You may not think much about store brands as you shop for groceries, but it’s a business worth nearly $60 billion per year. ConAgra, a company based in Omaha, Neb., made a splash recently in what the industry calls private label food when it paid $6.8 billion to buy Ralcorp, based in St. Louis, Mo. The merger created the biggest private label food company in the country.

Every major grocer has its own private label brand. Walmart has Great Value. Kroger stores sell Private Selection. Costco has Kirkland. Almost everything at Trader Joe’s seems to carry the store's name.

Behind those labels are companies you’ve probably never heard of, like Ralcorp or Treehouse Foods. John Stanton, a food marketing professor at St. Joseph’s University in Philadelphia, Penn., recently visited the Private Label Manufacturer’s Association conference. He said private label is sort of an anonymous industry.

“There were 150 companies there," Stanton said. "I doubt you’ve heard the name of one of them."

Now ConAgra, a company known for national brands like Hunt’s and Healthy Choice, is the nation’s largest private label food company. Stanton said there is a reason a company with national brands would want to make a big push into private label.

“Private label sales, for at least the last five years, have been increasing," Stanton said. “And it’s been accelerated by the recession.”

Supermarkets sold $59 billion worth of private label food last year. That’s 19 percent of food sales and an increase of about 20 percent since 2007.

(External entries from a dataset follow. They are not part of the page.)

lemma boundary_head_attn:
  assumes "length w \<le> L" "l \<in> labels L"
  shows "lab_attn (labels L) (length w) (boundary_head S) (state_emb G w a b) i l =
    (case l of
      Out A j \<Rightarrow> if i = 1 \<and> j = length w \<and> A = S then 1 else 0
    | _ \<Rightarrow> 0)"
proof -
  let ?x = "state_emb G w a b" and ?h = "boundary_head S"
  have key: "lab_mvec (labels L) (lkey ?h) (?x p) l' =
      (case l' of Pos p' \<Rightarrow> if p' = 1 \<and> p \<in> {1..L} then 1 else 0 | _ \<Rightarrow> 0)" for p l'
    by (cases l') (auto simp: lab_mvec_def sum_labels boundary_head_def delta_simps)
  have query: "lab_mvec (labels L) (lquery ?h) (?x i) l' =
      (case l' of Pos p' \<Rightarrow> if p' = 1 \<and> 1 \<le> L \<and> i = 1 then 1 else 0 | _ \<Rightarrow> 0)" for l'
    by (cases l') (auto simp: lab_mvec_def boundary_head_def delta_simps)
  have val: "lab_mvec (labels L) (lvalue ?h) (?x p) l =
      (case l of
        Out A j \<Rightarrow> if A = S
          then (if p = j then if j \<in> {1..L} then 1 else 0 else 0) -
            (if p = j + 1 then if j + 1 \<le> L then 1 else 0 else 0)
          else 0
      | _ \<Rightarrow> 0)" for p l
    by (cases l) (auto simp: lab_mvec_def boundary_head_def delta_simps left_diff_distrib sum_subtractf)
  have score: "(\<Sum>l'\<in>labels L. lab_mvec (labels L) (lkey ?h) (?x p) l' * lab_mvec (labels L) (lquery ?h) (?x i) l') =
      (if i = 1 then 1 else 0)" if "p \<in> {1..L}" for p
    using that by (auto simp: sum_labels key query delta_simps)
  have "lab_attn (labels L) (length w) ?h ?x i l =
      (\<Sum>p\<in>{1..length w}. (if i = 1 then 1 else 0) * lab_mvec (labels L) (lvalue ?h) (?x p) l)"
    unfolding lab_attn_def using assms(1) by (intro sum.cong) (auto simp: score relu_def)
  then show ?thesis using assms
    by (cases l) (auto simp: val delta_simps sum_subtractf)
qed

definition zero_head :: "'l lab_head" where
  "zero_head = \<lparr>lkey = (\<lambda>_ _. 0), lquery = (\<lambda>_ _. 0), lvalue = (\<lambda>_ _. 0)\<rparr>"

lemma zero_head_attn: "lab_attn \<Lambda> m zero_head x i l = 0"
  by (simp add: lab_attn_def lab_mvec_def zero_head_def)

definition io_heads :: "('nt::finite) pcfg \<Rightarrow> 'nt list \<Rightarrow> 'nt lab lab_head list" where
  "io_heads G xs = map (inside_head G) xs @ map (outside_left_head G) xs @ map (outside_right_head G) xs @
     [reset_head, boundary_head (start G)] @ replicate (length xs - 2) zero_head"

lemma length_io_heads: "2 \<le> length xs \<Longrightarrow> length (io_heads G xs) = 4 * length xs"
  by (simp add: io_heads_def)

lemma io_heads_step:
  assumes "is_pcfg G" "distinct xs" "set xs = UNIV" "length w \<le> L" "i \<in> {1..length w}" "l \<in> labels L"
    and "\<And>A i j. 0 \<le> a A i j" "\<And>A i j. 0 \<le> b A i j"
  shows "state_emb G w a b i l + (\<Sum>h\<leftarrow>io_heads G xs. lab_attn (labels L) (length w) h (state_emb G w a b) i l) =
    state_emb G w (inside_update G w a) (outside_update G L w a b) i l"
proof -
  have iL: "i \<in> {1..L}" using assms(4,5) by simp
  have "(\<Sum>h\<leftarrow>io_heads G xs. lab_attn (labels L) (length w) h (state_emb G w a b) i l) =
      (\<Sum>B\<in>UNIV. lab_attn (labels L) (length w) (inside_head G B) (state_emb G w a b) i l) +
      (\<Sum>A\<in>UNIV. lab_attn (labels L) (length w) (outside_left_head G A) (state_emb G w a b) i l) +
      (\<Sum>C\<in>UNIV. lab_attn (labels L) (length w) (outside_right_head G C) (state_emb G w a b) i l) +
      lab_attn (labels L) (length w) reset_head (state_emb G w a b) i l +
      lab_attn (labels L) (length w) (boundary_head (start G)) (state_emb G w a b) i l"
    using assms(2,3)
    by (simp add: io_heads_def sum_list_distinct_conv_sum_set zero_head_attn sum_list_replicate)
  also have "\<dots> = state_emb G w (inside_update G w a) (outside_update G L w a b) i l - state_emb G w a b i l"
    using assms iL
    by (cases l) (auto simp: inside_head_attn outside_left_head_attn outside_right_head_attn
        reset_head_attn boundary_head_attn inside_update_def outside_update_def delta_simps)
  finally show ?thesis by simp
qed

definition init_emb :: "('nt::finite) pcfg \<Rightarrow> nat \<Rightarrow> nat \<Rightarrow> 'nt lab \<Rightarrow> real" where
  "init_emb G v i l = (case l of
      Pos p \<Rightarrow> if p = i then 1 else 0
    | Ins A j \<Rightarrow> if j = i then lrule G A v else 0
    | Out A j \<Rightarrow> 0
    | Lex A j \<Rightarrow> if j = i then lrule G A v else 0)"

lemma init_emb_eq_state_emb:
  assumes "v = w ! (i - 1)"
  shows "init_emb G v i = state_emb G w (inside_base G w) (\<lambda>_ _ _. 0) i"
proof
  fix l
  show "init_emb G v i l = state_emb G w (inside_base G w) (\<lambda>_ _ _. 0) i l"
    using assms by (cases l) (simp_all add: init_emb_def inside_base_def)
qed

definition io_transformer :: "('nt::finite) pcfg \<Rightarrow> nat \<Rightarrow> nat \<Rightarrow> ('nt lab \<Rightarrow> nat) \<Rightarrow> 'nt list \<Rightarrow> transformer" where
  "io_transformer G L d \<iota> xs = \<lparr>tdim = d, temb = (\<lambda>v i. lift_vec \<iota> (labels L) (init_emb G v i)),
     tlayers = replicate (2 * L - 1) (map (lift_head \<iota> (labels L)) (io_heads G xs))\<rparr>"

lemma final_emb_io_transformer:
  assumes "is_pcfg G" "distinct xs" "set xs = UNIV" "inj_on \<iota> (labels L)" "\<iota> ` labels L \<subseteq> {..<d}"
    and "length w \<le> L" "i \<in> {1..length w}"
  shows "final_emb (io_transformer G L d \<iota> xs) w i =
    lift_vec \<iota> (labels L) (state_emb G w (inside_iter G w (2 * L - 1)) (outside_iter G L w (2 * L - 1)) i)"
proof -
  define x where "x t = state_emb G w (inside_iter G w t) (outside_iter G L w t)" for t
  have step: "x t i l + (\<Sum>h\<leftarrow>io_heads G xs. lab_attn (labels L) (length w) h (x t) i l) = x (Suc t) i l"
    if "i \<in> {1..length w}" "l \<in> labels L" for t i l
    using assms that by (simp add: x_def io_heads_step inside_iter_nonneg outside_iter_nonneg)
  have "(\<lambda>i. temb (io_transformer G L d \<iota> xs) (w ! (i - 1)) i) = (\<lambda>i. lift_vec \<iota> (labels L) (x 0 i))"
    by (simp add: io_transformer_def x_def init_emb_eq_state_emb)
  then show ?thesis
    unfolding final_emb_def using foldl_layer_step_lift[where x = x, OF assms(4,5) step assms(7)]
    by (simp add: io_transformer_def x_def)
qed

definition simulates_inside_outside :: "('nt::finite) pcfg \<Rightarrow> nat \<Rightarrow> transformer \<Rightarrow> bool" where
  "simulates_inside_outside G L T \<longleftrightarrow>
     (\<exists>(pa :: 'nt \<Rightarrow> nat \<Rightarrow> nat \<Rightarrow> nat) (ca :: 'nt \<Rightarrow> nat \<Rightarrow> nat \<Rightarrow> nat)
        (pb :: 'nt \<Rightarrow> nat \<Rightarrow> nat \<Rightarrow> nat) (cb :: 'nt \<Rightarrow> nat \<Rightarrow> nat \<Rightarrow> nat).
       \<forall>w. generated G w \<and> length w \<le> L \<longrightarrow>
         (\<forall>A i j. 1 \<le> i \<and> i \<le> j \<and> j \<le> length w \<longrightarrow>
            1 \<le> pa A i j \<and> pa A i j \<le> length w \<and> ca A i j < tdim T \<and>
            final_emb T w (pa A i j) (ca A i j) = inside G w A i j \<and>
            1 \<le> pb A i j \<and> pb A i j \<le> length w \<and> cb A i j < tdim T \<and>
            final_emb T w (pb A i j) (cb A i j) = outside G w A i j))"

Michael Liss, a portfolio manager with American Century Investments in Kansas City, Mo., said that growth happened while ConAgra’s brands like Orville Redenbacher popcorn and Snack Pack pudding were stuck in neutral.

“They give (ConAgra) high returns and they have really good market shares in a whole bunch of categories, but they’re just not growing,” Liss said.

So the Ralcorp merger puts ConAgra at the front of a growing industry and among the biggest food companies in the country, rubbing elbows with the likes of General Mills and Dean Foods.

But Mary Hendrickson, who studies food industry consolidation at the University of Missouri, said Walmart may also be on ConAgra’s mind.

“You’ve seen Walmart move up from selling no groceries in the 1980s to somewhere between 28 and 32 percent of the grocery market today,” Hendrickson said. “That’s very significant.”

According to the trade magazine Progressive Grocer, Walmart sold $118.7 billion in groceries in 2011. Kroger, Walmart’s closest competitor, sold just over half that with $61.1 billion.

Following Walmart’s emergence, other chains began buying up competitors. Concentration has occurred faster in the grocery industry than any other part of the food system. Hendrickson said the top four grocery chains (Walmart, Kroger, Safeway, and Supervalu) control close to 50 percent of the market.

As they have grown, they have flipped the way food processors and food retailers compete.

In the past, Hendrickson said companies like ConAgra used the strength of their national brands as leverage with grocery stores.

“They’ve spent a lot of money making sure people want those brands,” Hendrickson said. “You go into a grocery store that doesn’t have those particular brands and you might say, ‘I don’t want to shop here anymore.’”

But as grocery chains control more shelf space and grow their private label brands, they gain more clout.

“People come in and say I’d like to sell you my cereal and the retailer says well let me tell you how much we’re going to pay for it,” said food marketing expert John Stanton. “They say that’s too little. And they say, go sell it to someone else then.”

Of course, that’s what a company like Walmart is good at. Keeping costs down is what keeps prices low for consumers. But the savings have to come from somewhere and the ripple effects can reach all the way back to the farm.

“The private labels are going to try and squeeze farmers because they need to come into a lower price and the branded people are going to squeeze farmers because private labels are coming in at a lower price,” Stanton said.

It’s an example of how competition has evolved in the food industry.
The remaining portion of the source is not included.